– Poonam Vilas Chaudhari
Being an analytics company, we at Abzooba use Spark extensively for machine learning, data ingestion, ETL & large data processing. Spark enables in-memory processing of large-scale data. Spark jobs can be long-running/short-lived/scheduled as per need. Memory requirements also differ to run these kinds of jobs.
Our product, xpresso.ai, is based on Kubernetes for automatic deployment, auto-scaling, and managing the applications. Why maintain a dedicated Hadoop cluster just for running Spark jobs? Can we use the existing Kubernetes cluster? With all these questions, our exploration journey towards Spark on Kubernetes has started.
Spark jobs can run on clusters managed by Kubernetes(version >= 1.6) This feature makes use of the native Kubernetes scheduler that has been added to Spark. Spark-submit can be directly used to submit a Spark application to a Kubernetes cluster.
How does it work?
- Spark creates a Spark driver running within a Kubernetes pod.
- The driver creates executors that are also running as pods and connects to them and executes application code.

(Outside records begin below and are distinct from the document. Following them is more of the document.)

(* The $R_5$-submodules $U',U'',U''',U''''$ and $U$ of $H_5$ are stable under $\Phi$, i.e. $\Phi(X)\subseteq X$ for each of them.
   Context: Let $B_3=\langle s_1,s_2\mid s_1s_2s_1=s_2s_1s_2\rangle$, $R_5=\mathbb{Z}[a,b,c,d,e,e^{-1}]$, and let $H_5$ be the quotient of the group algebra $R_5B_3$ by the relations $s_i^5=as_i^4+bs_i^3+cs_i^2+ds_i+e$ for $i=1,2$; identify $s_i$ with their images. Let $\Phi$ be the ring (i.e. $\mathbb{Z}$-algebra) automorphism of $H_5$ determined by $s_i\mapsto s_i^{-1}$ ($i=1,2$), $a\mapsto -e^{-1}d$, $b\mapsto -e^{-1}c$, $c\mapsto -e^{-1}b$, $d\mapsto -e^{-1}a$, $e\mapsto e^{-1}$. For $i=1,2$ let $u_i$ be the $R_5$-subalgebra of $H_5$ generated by $s_i$. Set $\omega=s_2s_1^2s_2$. For $R_5$-submodules (or elements) $X_1,\dots,X_n$, $X_1\cdots X_n$ denotes the $R_5$-submodule spanned by products $x_1\cdots x_n$, $x_j\in X_j$; sums are sums of submodules. Define $U'=u_1u_2u_1+u_1\omega+u_1\omega^{-1}+u_1s_2^{-1}s_1^2s_2^{-1}u_1+u_1s_2s_1^{-2}s_2u_1+u_1s_2^2s_1^2s_2^2u_1+u_1s_2^{-2}s_1^{-2}s_2^{-2}u_1+u_1s_2s_1^{-2}s_2^2u_1+u_1s_2^{-1}s_1^2s_2^{-2}u_1+u_1s_2^{-1}s_1s_2^{-1}u_1+u_1s_2s_1^{-1}s_2u_1+u_1s_2^{-2}s_1^{-2}s_2^2u_1+u_1s_2^2s_1^2s_2^{-2}u_1+u_1s_2^2s_1^{-2}s_2^2u_1+u_1s_2^{-2}s_1^2s_2^{-2}u_1+u_1s_2^{-2}s_1s_2^{-1}u_1+u_1s_2^{-1}s_1s_2^{-2}u_1$; $U''=U'+u_1\omega^2+u_1\omega^{-2}+u_1s_2^{-2}s_1^2s_2^{-1}s_1s_2^{-1}u_1+u_1s_2^2s_1^{-2}s_2s_1^{-1}s_2u_1+u_1s_2s_1^{-2}s_2^2s_1^{-2}s_2^2u_1+u_1s_2^{-1}s_1^2s_2^{-2}s_1^2s_2^{-2}u_1$; $U'''=U''+u_1\omega^3+u_1\omega^{-3}$; $U''''=U'''+u_1\omega^4+u_1\omega^{-4}$; $U=U''''+u_1\omega^5+u_1\omega^{-5}$. *)

theory Defs
  imports Main "HOL-Library.Poly_Mapping" "HOL-Library.Product_Plus"
begin

section \<open>The coefficient ring R5 = Z[a,b,c,d,e,e^-1]\<close>

text \<open>Laurent-type polynomials: a monomial a^i b^j c^k d^l e^n is encoded by its
  exponent vector (i,j,k,l,n) with i,j,k,l natural and n an integer.\<close>

type_synonym R5 = "(nat \<times> nat \<times> nat \<times> nat \<times> int) \<Rightarrow>\<^sub>0 int"

definition pa :: R5 where "pa = Poly_Mapping.single (1,0,0,0,0) 1"
definition pb :: R5 where "pb = Poly_Mapping.single (0,1,0,0,0) 1"
definition pc :: R5 where "pc = Poly_Mapping.single (0,0,1,0,0) 1"
definition pd :: R5 where "pd = Poly_Mapping.single (0,0,0,1,0) 1"
definition pe :: R5 where "pe = Poly_Mapping.single (0,0,0,0,1) 1"
definition pe_inv :: R5 where "pe_inv = Poly_Mapping.single (0,0,0,0,-1) 1"

definition phi_mono :: "nat \<times> nat \<times> nat \<times> nat \<times> int \<Rightarrow> R5" where
  "phi_mono m = (case m of (i,j,k,l,n) \<Rightarrow>
      (- pe_inv * pd) ^ i * (- pe_inv * pc) ^ j * (- pe_inv * pb) ^ k * (- pe_inv * pa) ^ l
      * Poly_Mapping.single (0,0,0,0,-n) 1)"

definition phiR :: "R5 \<Rightarrow> R5" where
  "phiR p = (\<Sum>m\<in>Poly_Mapping.keys p. of_int (Poly_Mapping.lookup p m) * phi_mono m)"

datatype letter = S1 | S1i | S2 | S2i

datatype fw = FW "letter list"

instantiation fw :: monoid_add
begin
definition zero_fw :: fw where "zero_fw = FW []"
fun plus_fw :: "fw \<Rightarrow> fw \<Rightarrow> fw" where "plus_fw (FW x) (FW y) = FW (x @ y)"
instance
proof
  fix a b c :: fw
  show "a + b + c = a + (b + c)" by (cases a; cases b; cases c) simp
  show "0 + a = a" by (cases a) (simp add: zero_fw_def)
  show "a + 0 = a" by (cases a) (simp add: zero_fw_def)
qed
end

text \<open>Free algebra: finitely supported R5-linear combinations of words,
  multiplication = concatenation of words.\<close>
type_synonym F = "fw \<Rightarrow>\<^sub>0 R5"

definition gen :: "letter \<Rightarrow> F" where "gen l = Poly_Mapping.single (FW [l]) 1"

definition s1 :: F where "s1 = gen S1"
definition s1i :: F where "s1i = gen S1i"
definition s2 :: F where "s2 = gen S2"
definition s2i :: F where "s2i = gen S2i"

definition scal :: "R5 \<Rightarrow> F" where "scal r = Poly_Mapping.single 0 r"

definition rspan :: "F set \<Rightarrow> F set" where
  "rspan S = {x. \<exists>T f. finite T \<and> T \<subseteq> S \<and> x = (\<Sum>t\<in>T. scal (f t) * t)}"

definition msum2 :: "F set \<Rightarrow> F set \<Rightarrow> F set" where
  "msum2 A B = {x + y | x y. x \<in> A \<and> y \<in> B}"

definition msum :: "F set list \<Rightarrow> F set" where
  "msum Xs = foldr msum2 Xs {0}"

definition mprod :: "F set list \<Rightarrow> F set" where
  "mprod Xs = rspan {prod_list xs | xs. list_all2 (\<lambda>x X. x \<in> X) xs Xs}"

section \<open>H5 = R5 B3 / (quintic relations), as F modulo a two-sided ideal\<close>

definition quintic :: "F \<Rightarrow> F" where
  "quintic s = s ^ 5 - (scal pa * s ^ 4 + scal pb * s ^ 3 + scal pc * s ^ 2 + scal pd * s + scal pe)"

definition rels :: "F set" where
  "rels = {s1 * s1i - 1, s1i * s1 - 1, s2 * s2i - 1, s2i * s2 - 1,
           s1 * s2 * s1 - s2 * s1 * s2, quintic s1, quintic s2}"

text \<open>The two-sided ideal generated by the relations; F / Irel is H5
  (the first five relations present the group algebra R5 B3).\<close>
definition Irel :: "F set" where
  "Irel = rspan {x * r * y | x r y. r \<in> rels}"

text \<open>An R5-submodule of H5 is represented by its full preimage in F:
  the image of X in H5 has preimage X + Irel.\<close>
definition preim :: "F set \<Rightarrow> F set" where
  "preim X = msum2 X Irel"

fun swapl :: "letter \<Rightarrow> letter" where
  "swapl S1 = S1i" | "swapl S1i = S1" | "swapl S2 = S2i" | "swapl S2i = S2"

fun PhiW :: "fw \<Rightarrow> F" where
  "PhiW (FW ws) = prod_list (map (\<lambda>l. gen (swapl l)) ws)"

definition PhiF :: "F \<Rightarrow> F" where
  "PhiF x = (\<Sum>w\<in>Poly_Mapping.keys x. scal (phiR (Poly_Mapping.lookup x w)) * PhiW w)"

definition Phi_stable :: "F set \<Rightarrow> bool" where
  "Phi_stable X \<longleftrightarrow> PhiF ` preim X \<subseteq> preim X"

section \<open>The submodules U', U'', U''', U'''', U\<close>

definition u1 :: "F set" where "u1 = rspan (range (\<lambda>k::nat. s1 ^ k))"
definition u2 :: "F set" where "u2 = rspan (range (\<lambda>k::nat. s2 ^ k))"

definition omega :: F where "omega = s2 * s1 ^ 2 * s2"
definition omega_inv :: F where "omega_inv = s2i * s1i ^ 2 * s2i"

definition mid :: "F \<Rightarrow> F set" where "mid w = mprod [u1, {w}, u1]"

definition U1_list :: "F set list" where
  "U1_list =
    [ mprod [u1, u2, u1],
      mprod [u1, {omega}],
      mprod [u1, {omega_inv}],
      mid (s2i * s1 ^ 2 * s2i),
      mid (s2 * s1i ^ 2 * s2),
      mid (s2 ^ 2 * s1 ^ 2 * s2 ^ 2),
      mid (s2i ^ 2 * s1i ^ 2 * s2i ^ 2),
      mid (s2 * s1i ^ 2 * s2 ^ 2),
      mid (s2i * s1 ^ 2 * s2i ^ 2),
      mid (s2i * s1 * s2i),
      mid (s2 * s1i * s2),
      mid (s2i ^ 2 * s1i ^ 2 * s2 ^ 2),
      mid (s2 ^ 2 * s1 ^ 2 * s2i ^ 2),
      mid (s2 ^ 2 * s1i ^ 2 * s2 ^ 2),
      mid (s2i ^ 2 * s1 ^ 2 * s2i ^ 2),
      mid (s2i ^ 2 * s1 * s2i),
      mid (s2i * s1 * s2i ^ 2) ]"

definition U2_list :: "F set list" where
  "U2_list = U1_list @
    [ mprod [u1, {omega ^ 2}],
      mprod [u1, {omega_inv ^ 2}],
      mid (s2i ^ 2 * s1 ^ 2 * s2i * s1 * s2i),
      mid (s2 ^ 2 * s1i ^ 2 * s2 * s1i * s2),
      mid (s2 * s1i ^ 2 * s2 ^ 2 * s1i ^ 2 * s2 ^ 2),
      mid (s2i * s1 ^ 2 * s2i ^ 2 * s1 ^ 2 * s2i ^ 2) ]"

definition U3_list :: "F set list" where
  "U3_list = U2_list @ [mprod [u1, {omega ^ 3}], mprod [u1, {omega_inv ^ 3}]]"

definition U4_list :: "F set list" where
  "U4_list = U3_list @ [mprod [u1, {omega ^ 4}], mprod [u1, {omega_inv ^ 4}]]"

definition U5_list :: "F set list" where
  "U5_list = U4_list @ [mprod [u1, {omega ^ 5}], mprod [u1, {omega_inv ^ 5}]]"

definition U1 :: "F set" where "U1 = msum U1_list"
definition U2 :: "F set" where "U2 = msum U2_list"
definition U3 :: "F set" where "U3 = msum U3_list"
definition U4 :: "F set" where "U4 = msum U4_list"
definition U5 :: "F set" where "U5 = msum U5_list"

end

theory Submission
  imports Defs
begin

text \<open>
  \<open>\<Phi>\<close> is induced by a ring endomorphism \<open>PhiF\<close> of the free algebra that maps every
  defining relation of \<open>H\<^sub>5\<close> back into the relation ideal, so it descends to \<open>H\<^sub>5\<close>.
  Because \<open>e\<close> is invertible, the quintic relation expresses \<open>s\<^sub>i\<^sup>-\<^sup>1\<close> as a polynomial
  in \<open>s\<^sub>i\<close>; hence \<open>\<Phi>(u\<^sub>i) \<subseteq> u\<^sub>i\<close> and \<open>\<Phi>(u\<^sub>1 h u\<^sub>1) \<subseteq> u\<^sub>1 \<Phi>(h) u\<^sub>1\<close>.
  The words \<open>h\<close> defining \<open>U'\<close>, \<open>U''\<close>, \<dots> are permuted by \<open>\<Phi>\<close>
  (e.g. \<open>\<omega>\<^sup>k \<leftrightarrow> \<omega>\<^sup>-\<^sup>k\<close>), with two exceptions:
  \<open>s\<^sub>2\<^sup>-\<^sup>2 s\<^sub>1 s\<^sub>2\<^sup>-\<^sup>1 \<mapsto> s\<^sub>2\<^sup>2 s\<^sub>1\<^sup>-\<^sup>1 s\<^sub>2\<close> and \<open>s\<^sub>2\<^sup>-\<^sup>1 s\<^sub>1 s\<^sub>2\<^sup>-\<^sup>2 \<mapsto> s\<^sub>2 s\<^sub>1\<^sup>-\<^sup>1 s\<^sub>2\<^sup>2\<close>.
  For these the braid relation gives \<open>s\<^sub>2\<^sup>2 s\<^sub>1\<^sup>-\<^sup>1 s\<^sub>2 = s\<^sub>2\<^sup>3 s\<^sub>1 s\<^sub>2\<^sup>-\<^sup>1 s\<^sub>1\<^sup>-\<^sup>1\<close>, and the
  quintic relation rewrites \<open>s\<^sub>2\<^sup>3\<close> as a combination of \<open>s\<^sub>2\<^sup>2, s\<^sub>2, 1, s\<^sub>2\<^sup>-\<^sup>1, s\<^sub>2\<^sup>-\<^sup>2\<close>;
  every resulting term already lies in \<open>U'\<close>.
\<close>

section \<open>Ring endomorphisms of the coefficients and of the free algebra\<close>

lemma poly_mapping_single_induct [case_names zero add]:
  assumes "P 0" and "\<And>f a b. P f \<Longrightarrow> P (f + Poly_Mapping.single a b)"
  shows "P x"
proof (induct x rule: Poly_Mapping.update_induct)
  case const then show ?case using assms(1) by simp
next
  case (update f a b)
  have "Poly_Mapping.update a b f = f + Poly_Mapping.single a b"
    using update(1)
    by (intro poly_mapping_eqI) (auto simp: lookup_update lookup_add lookup_single when_def in_keys_iff)
  then show ?case using assms(2) update(3) by simp
qed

- When the application completes, the executor pods are terminated and cleaned up but, the driver pod persists logs and remains in a “completed” state in the Kubernetes API until it’s eventually garbage collected or manually cleaned up.
- The driver and executor pod scheduling is handled by Kubernetes.
Following are the prerequisites, to try this feature on existing Kubernetes cluster:
- Kubernetes master URL (https://<ip address>:<port no>)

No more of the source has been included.